According to Marx, the worker furnishes surplus-value “without having the fair price of his commodity cut by even a farthing” (Capital, Vol. I). The whole product, including the surplus, “becomes the legitimate property of the capitalist” (ibid.). Indeed: “The time during which the worker works is the time during which the capitalist consumes the labour-power he has bought from him. If the worker consumes his disposable time for himself, he robs the capitalist.” (ibid, Chapter Ten)

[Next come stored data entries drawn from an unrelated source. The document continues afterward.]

(* Let $f\colon M^n\to\mathbb{R}^{n+p}$ be an isometric immersion with second fundamental form $\alpha$, normal connection $\nabla^\perp$ and curvature tensor $R$ of $M^n$, and let $\tau$ be an infinitesimal bending of $f$. Then for all $X,Y,Z,W\in\mathfrak{X}(M)$: $$\langle\beta(X,W),\alpha(Y,Z)\rangle+\langle\alpha(X,W),\beta(Y,Z)\rangle=\langle\beta(X,Z),\alpha(Y,W)\rangle+\langle\alpha(X,Z),\beta(Y,W)\rangle$$ and $$(\nabla^\perp_X\beta)(Y,Z)-(\nabla^\perp_Y\beta)(X,Z)=\alpha(Y,\mathcal{Y}(X,Z))-\alpha(X,\mathcal{Y}(Y,Z))-(LR(X,Y)Z)_{N_fM}.$$
   Context: An infinitesimal bending of $f$ is a smooth map $\tau\colon M^n\to\mathbb{R}^{n+p}$ with $\langle f_*X,\tilde\nabla_X\tau\rangle=0$ for all tangent $X$, $\tilde\nabla$ the Euclidean connection. Define $L\in\Gamma(\mathrm{Hom}(TM,f^*T\mathbb{R}^{n+p}))$ by $LX=\tilde\nabla_X\tau$ and the symmetric tensor $B(X,Y)=(\tilde\nabla_XL)Y=\tilde\nabla_X(LY)-L\nabla_XY$, with $\nabla$ the Levi-Civita connection of $M$. Write $B(X,Y)=f_*\mathcal{Y}(X,Y)+\beta(X,Y)$ with $\mathcal{Y}$ tangent and $\beta$ normal to $f$. Here $(\nabla^\perp_X\beta)(Y,Z)=\nabla^\perp_X\beta(Y,Z)-\beta(\nabla_XY,Z)-\beta(Y,\nabla_XZ)$ and $(\cdot)_{N_fM}$ denotes the normal component. *)

theory Defs
  imports "HOL-Analysis.Analysis"
begin

text \<open>Local (chart) model: M^n is an open set U of an n-dimensional Euclidean space 'a,
  the ambient space R^(n+p) is the Euclidean space 'b, vector fields on M are maps U -> 'a.\<close>

fun Ck :: "nat \<Rightarrow> 'a::euclidean_space set \<Rightarrow> ('a \<Rightarrow> 'b::real_normed_vector) \<Rightarrow> bool" where
  "Ck 0 U F = continuous_on U F"
| "Ck (Suc k) U F = ((\<forall>x\<in>U. F differentiable (at x)) \<and>
      (\<forall>v. Ck k U (\<lambda>x. frechet_derivative F (at x) v)))"

definition smooth_on :: "'a::euclidean_space set \<Rightarrow> ('a \<Rightarrow> 'b::real_normed_vector) \<Rightarrow> bool" where
  "smooth_on U F = (\<forall>k. Ck k U F)"

definition fd :: "('a::euclidean_space \<Rightarrow> 'b::real_normed_vector) \<Rightarrow> 'a \<Rightarrow> 'a \<Rightarrow> 'b" where
  "fd F x = frechet_derivative F (at x)"

definition dir :: "('a::euclidean_space \<Rightarrow> 'b::real_normed_vector) \<Rightarrow> ('a \<Rightarrow> 'a) \<Rightarrow> 'a \<Rightarrow> 'b" where
  "dir F X x = fd F x (X x)"

definition push :: "('a::euclidean_space \<Rightarrow> 'b::real_normed_vector) \<Rightarrow> ('a \<Rightarrow> 'a) \<Rightarrow> 'a \<Rightarrow> 'b" where
  "push f X x = fd f x (X x)"

definition immersion_on :: "'a::euclidean_space set \<Rightarrow> ('a \<Rightarrow> 'b::euclidean_space) \<Rightarrow> bool" where
  "immersion_on U f = (open U \<and> smooth_on U f \<and> (\<forall>x\<in>U. inj (fd f x)))"

definition tanp :: "('a::euclidean_space \<Rightarrow> 'b::euclidean_space) \<Rightarrow> 'a \<Rightarrow> 'b \<Rightarrow> 'b" where
  "tanp f x v = closest_point (range (fd f x)) v"

definition norp :: "('a::euclidean_space \<Rightarrow> 'b::euclidean_space) \<Rightarrow> 'a \<Rightarrow> 'b \<Rightarrow> 'b" where
  "norp f x v = v - tanp f x v"

definition gf :: "('a::euclidean_space \<Rightarrow> 'b::euclidean_space) \<Rightarrow> ('a \<Rightarrow> 'a) \<Rightarrow> ('a \<Rightarrow> 'a) \<Rightarrow> 'a \<Rightarrow> real" where
  "gf f X Y y = fd f y (X y) \<bullet> fd f y (Y y)"

definition bracket :: "('a::euclidean_space \<Rightarrow> 'a) \<Rightarrow> ('a \<Rightarrow> 'a) \<Rightarrow> 'a \<Rightarrow> 'a" where
  "bracket X Y x = dir Y X x - dir X Y x"

definition koszul :: "('a::euclidean_space \<Rightarrow> 'b::euclidean_space) \<Rightarrow> ('a \<Rightarrow> 'a) \<Rightarrow> ('a \<Rightarrow> 'a) \<Rightarrow> ('a \<Rightarrow> 'a) \<Rightarrow> 'a \<Rightarrow> real" where
  "koszul f X Y Z x =
     dir (gf f Y Z) X x + dir (gf f X Z) Y x - dir (gf f X Y) Z x
     + gf f (bracket X Y) Z x - gf f (bracket X Z) Y x - gf f (bracket Y Z) X x"

definition LC :: "('a::euclidean_space \<Rightarrow> 'b::euclidean_space) \<Rightarrow> ('a \<Rightarrow> 'a) \<Rightarrow> ('a \<Rightarrow> 'a) \<Rightarrow> 'a \<Rightarrow> 'a" where
  "LC f X Y x = (THE w. \<forall>z. 2 * (fd f x w \<bullet> fd f x z) = koszul f X Y (\<lambda>_. z) x)"

definition curv :: "('a::euclidean_space \<Rightarrow> 'b::euclidean_space) \<Rightarrow> ('a \<Rightarrow> 'a) \<Rightarrow> ('a \<Rightarrow> 'a) \<Rightarrow> ('a \<Rightarrow> 'a) \<Rightarrow> 'a \<Rightarrow> 'a" where
  "curv f X Y Z x = LC f X (LC f Y Z) x - LC f Y (LC f X Z) x - LC f (bracket X Y) Z x"

definition sff :: "('a::euclidean_space \<Rightarrow> 'b::euclidean_space) \<Rightarrow> ('a \<Rightarrow> 'a) \<Rightarrow> ('a \<Rightarrow> 'a) \<Rightarrow> 'a \<Rightarrow> 'b" where
  "sff f X Y x = norp f x (dir (push f Y) X x)"

definition inf_bending :: "'a::euclidean_space set \<Rightarrow> ('a \<Rightarrow> 'b::euclidean_space) \<Rightarrow> ('a \<Rightarrow> 'b) \<Rightarrow> bool" where
  "inf_bending U f \<tau> = (smooth_on U \<tau> \<and> (\<forall>x\<in>U. \<forall>v. fd f x v \<bullet> fd \<tau> x v = 0))"

definition Lmap :: "('a::euclidean_space \<Rightarrow> 'b::euclidean_space) \<Rightarrow> ('a \<Rightarrow> 'a) \<Rightarrow> 'a \<Rightarrow> 'b" where
  "Lmap \<tau> X x = dir \<tau> X x"

definition Btens :: "('a::euclidean_space \<Rightarrow> 'b::euclidean_space) \<Rightarrow> ('a \<Rightarrow> 'b) \<Rightarrow> ('a \<Rightarrow> 'a) \<Rightarrow> ('a \<Rightarrow> 'a) \<Rightarrow> 'a \<Rightarrow> 'b" where
  "Btens f \<tau> X Y x = dir (Lmap \<tau> Y) X x - Lmap \<tau> (LC f X Y) x"

definition betaT :: "('a::euclidean_space \<Rightarrow> 'b::euclidean_space) \<Rightarrow> ('a \<Rightarrow> 'b) \<Rightarrow> ('a \<Rightarrow> 'a) \<Rightarrow> ('a \<Rightarrow> 'a) \<Rightarrow> 'a \<Rightarrow> 'b" where
  "betaT f \<tau> X Y x = norp f x (Btens f \<tau> X Y x)"

definition Ycal :: "('a::euclidean_space \<Rightarrow> 'b::euclidean_space) \<Rightarrow> ('a \<Rightarrow> 'b) \<Rightarrow> ('a \<Rightarrow> 'a) \<Rightarrow> ('a \<Rightarrow> 'a) \<Rightarrow> 'a \<Rightarrow> 'a" where
  "Ycal f \<tau> X Y x = inv_into UNIV (fd f x) (tanp f x (Btens f \<tau> X Y x))"

definition nperp_beta :: "('a::euclidean_space \<Rightarrow> 'b::euclidean_space) \<Rightarrow> ('a \<Rightarrow> 'b) \<Rightarrow> ('a \<Rightarrow> 'a) \<Rightarrow> ('a \<Rightarrow> 'a) \<Rightarrow> ('a \<Rightarrow> 'a) \<Rightarrow> 'a \<Rightarrow> 'b" where
  "nperp_beta f \<tau> X Y Z x =
     norp f x (dir (betaT f \<tau> Y Z) X x) - betaT f \<tau> (LC f X Y) Z x - betaT f \<tau> Y (LC f X Z) x"

end

theory Submission
  imports Defs
begin

text \<open>In a chart, the Levi-Civita connection of the induced metric is given by the Gauss formula
  nabla_X Y = dY(X) + df^+ d2f(Y, X), where df^+ is the least squares inverse of df, and alpha(X, Y)
  is the normal part of d2f(Y, X); hence B(X, Y) = d2tau(Y, X) - dtau(df^+ d2f(Y, X)).
  Polarizing the bending condition <df u, dtau u> = 0 and differentiating it once and twice yields
  <df u, d2tau(v, w)> = - <d2f(v, w), dtau u> and the invariance of
  <d2f(u, z), d2tau(v, w)> + <d2f(v, w), d2tau(u, z)> under exchanging z and w, from which the
  first identity is linear algebra. The second identity follows by differentiating beta: the
  derivatives of L Z along X and Y commute up to dLZ([X, Y]), which cancels against the
  torsion-free connection and leaves the curvature term. Differentiability of df^+, needed to
  differentiate the connection, comes from a perturbation bound for linear equations.\<close>

section \<open>Derivatives and smooth maps\<close>

lemma fd_has_derivative: "F differentiable (at x) \<Longrightarrow> (F has_derivative fd F x) (at x)"
  unfolding fd_def by (rule frechet_derivative_works[THEN iffD1])

lemma fd_unique: "(F has_derivative F') (at x) \<Longrightarrow> fd F x = F'"
  unfolding fd_def using frechet_derivative_at by metis

lemma linear_fd: "F differentiable (at x) \<Longrightarrow> linear (fd F x)"
  using fd_has_derivative has_derivative_linear by blast

lemma fd_const: "fd (\<lambda>_. c) x = (\<lambda>_. 0)"
  by (rule fd_unique) simp

lemma fd_add:
  assumes "F differentiable (at x)" "G differentiable (at x)"
  shows "fd (\<lambda>y. F y + G y) x v = fd F x v + fd G x v"
  using fd_unique[OF has_derivative_add[OF fd_has_derivative[OF assms(1)]
      fd_has_derivative[OF assms(2)]]]
  by simp

lemma fd_diff:
  assumes "F differentiable (at x)" "G differentiable (at x)"
  shows "fd (\<lambda>y. F y - G y) x v = fd F x v - fd G x v"
  using fd_unique[OF has_derivative_diff[OF fd_has_derivative[OF assms(1)]
      fd_has_derivative[OF assms(2)]]]
  by simp

lemma fd_inner:
  assumes "F differentiable (at x)" "G differentiable (at x)"
  shows "fd (\<lambda>y. F y \<bullet> G y) x v = F x \<bullet> fd G x v + fd F x v \<bullet> G x"
  using fd_unique[OF has_derivative_inner[OF fd_has_derivative[OF assms(1)]
      fd_has_derivative[OF assms(2)]]]
  by simp

lemma has_derivative_cong_open:
  assumes "open U" "x \<in> U" "\<And>y. y \<in> U \<Longrightarrow> F y = G y"
  shows "(F has_derivative F') (at x) \<longleftrightarrow> (G has_derivative F') (at x)"
proof
  assume "(F has_derivative F') (at x)"
  then show "(G has_derivative F') (at x)"
    by (rule has_derivative_transform_within_open[OF _ assms(1,2)]) (simp add: assms(3))
next
  assume "(G has_derivative F') (at x)"
  then show "(F has_derivative F') (at x)"
    by (rule has_derivative_transform_within_open[OF _ assms(1,2)]) (simp add: assms(3))
qed

lemma differentiable_cong_open:
  assumes "open U" "x \<in> U" "\<And>y. y \<in> U \<Longrightarrow> F y = G y"
  shows "F differentiable (at x) \<longleftrightarrow> G differentiable (at x)"
  unfolding differentiable_def using has_derivative_cong_open[where F=F and G=G, OF assms] by blast

lemma fd_cong_open:
  assumes "open U" "x \<in> U" "\<And>y. y \<in> U \<Longrightarrow> F y = G y"
  shows "fd F x = fd G x"
  unfolding fd_def frechet_derivative_def
  using has_derivative_cong_open[where F=F and G=G, OF assms] by simp

lemma fd_eq_0_open:
  assumes "open U" "x \<in> U" "\<And>y. y \<in> U \<Longrightarrow> F y = 0"
  shows "fd F x v = 0"
  using fd_cong_open[OF assms(1,2), of F "\<lambda>_. 0"] assms(3) by (simp add: fd_const)

lemma linear_eq_sum_Basis:
  assumes "linear g"
  shows "g w = (\<Sum>i\<in>Basis. (w \<bullet> i) *\<^sub>R g i)"
proof -
  have "g (\<Sum>i\<in>Basis. (w \<bullet> i) *\<^sub>R i) = (\<Sum>i\<in>Basis. (w \<bullet> i) *\<^sub>R g i)"
    by (simp add: linear_sum[OF assms] linear_cmul[OF assms])
  then show ?thesis by (simp add: euclidean_representation)
qed

lemma Ck_cong:
  assumes "open U" "\<And>y. y \<in> U \<Longrightarrow> F y = G y"
  shows "Ck k U F = Ck k U G"
  using assms(2)
proof (induction k arbitrary: F G)
  case 0
  then show ?case using continuous_on_cong by force
next
  case (Suc k)
  have "Ck k U (\<lambda>x. fd F x v) = Ck k U (\<lambda>x. fd G x v)" for v
    by (rule Suc.IH) (simp add: fd_cong_open[OF assms(1) _ Suc.prems])
  moreover have "(\<forall>x\<in>U. F differentiable (at x)) \<longleftrightarrow> (\<forall>x\<in>U. G differentiable (at x))"
    using differentiable_cong_open[OF assms(1)] Suc.prems by blast
  ultimately show ?case by (simp add: fd_def)
qed

lemma Ck_Suc_imp_Ck: "Ck (Suc k) U F \<Longrightarrow> Ck k U F"
  by (induction k arbitrary: F)
    (auto simp: continuous_at_imp_continuous_on differentiable_imp_continuous_within)

lemma Ck_SucD:
  assumes "Ck (Suc k) U F"
  shows "\<And>x. x \<in> U \<Longrightarrow> (F has_derivative fd F x) (at x)" "\<And>v. Ck k U (\<lambda>x. fd F x v)"
  using assms fd_has_derivative by (auto simp: fd_def)

lemma Ck_SucI:
  assumes "open U" "\<And>x. x \<in> U \<Longrightarrow> (F has_derivative F' x) (at x)" "\<And>v. Ck k U (\<lambda>x. F' x v)"
  shows "Ck (Suc k) U F"
proof -
  have "Ck k U (\<lambda>x. fd F x v)" for v
    using assms(3)[of v] Ck_cong[OF assms(1), of "\<lambda>x. fd F x v" "\<lambda>x. F' x v"] assms(2) fd_unique
    by metis
  then show ?thesis using assms(2) by (auto simp: fd_def differentiable_def)
qed

lemma Ck_const: "open U \<Longrightarrow> Ck k U (\<lambda>_. c)"
  by (induction k arbitrary: c) (auto intro!: Ck_SucI[where F'="\<lambda>x v. 0"])

lemma Ck_bounded_linear:
  assumes "open U" "bounded_linear h"
  shows "Ck k U F \<Longrightarrow> Ck k U (\<lambda>y. h (F y))"
proof (induction k arbitrary: F)
  case 0
  then show ?case
    using assms(2) by (simp add: continuous_on_compose2[of UNIV h] linear_continuous_on)
next
  case (Suc k)
  note D = Ck_SucD[OF Suc.prems]
  show ?case
    by (rule Ck_SucI[OF assms(1), where F'="\<lambda>x v. h (fd F x v)"])
      (use bounded_linear.has_derivative[OF assms(2) D(1)] Suc.IH D(2) in auto)
qed

lemma Ck_add:
  assumes "open U"
  shows "Ck k U F \<Longrightarrow> Ck k U G \<Longrightarrow> Ck k U (\<lambda>y. F y + G y)"
proof (induction k arbitrary: F G)
  case 0
  then show ?case by (simp add: continuous_on_add)
next
  case (Suc k)
  note D1 = Ck_SucD[OF Suc.prems(1)] and D2 = Ck_SucD[OF Suc.prems(2)]
  show ?case
    by (rule Ck_SucI[OF assms(1), where F'="\<lambda>x v. fd F x v + fd G x v"])
      (use has_derivative_add[OF D1(1) D2(1)] Suc.IH D1(2) D2(2) in auto)
qed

And, “wages and private property are identical … An enforced increase of wages (disregarding all other difficulties, including the fact that it would only be by force, too, that such an increase, being an anomaly, could be maintained) would therefore be nothing but better payment for the slave, and would not win either for the worker or for labor their human status and dignity.” – Marx, Economic and Philosophic Manuscripts of 1844, CW, Vol. 3, Progress, Moscow 1975, p. 280 – http://www.marxists.org/archive/marx/works/1844/manuscripts/labour.htm

It is for this reason that Marx urged on the working class: “‘At the same time, and quite apart from the general servitude involved in the wages system, the working class ought not to exaggerate to themselves the ultimate working of these everyday struggles. They ought not to forget that they are fighting with effects, but not with the causes of those effects; that they are retarding the downward movement, but not changing its direction; that they are applying palliatives, not curing the malady. They ought, therefore, not to be exclusively absorbed in these unavoidable guerilla fights incessantly springing up from the never ceasing encroachments of capital or changes of the market. They ought to understand that, with all the miseries it imposes upon them, the present system simultaneously engenders the material conditions and the social forms necessary for an economical reconstruction of society. Instead of the conservative motto, ‘A fair day’s wages for a fair day’s work!” they ought to inscribe on their banner the revolutionary watchword, ‘Abolition of the wages system!‘” (Karl Marx, Value, Price and Profit, 1865). – http://www.marxists.org/archive/marx/works/1865/value-price-profit/ch03.htm#c14

The class struggle never ceased since the division of society into classes. It’s built-in to capitalism. It exists as long as capitalism exists owing to the existence of classes.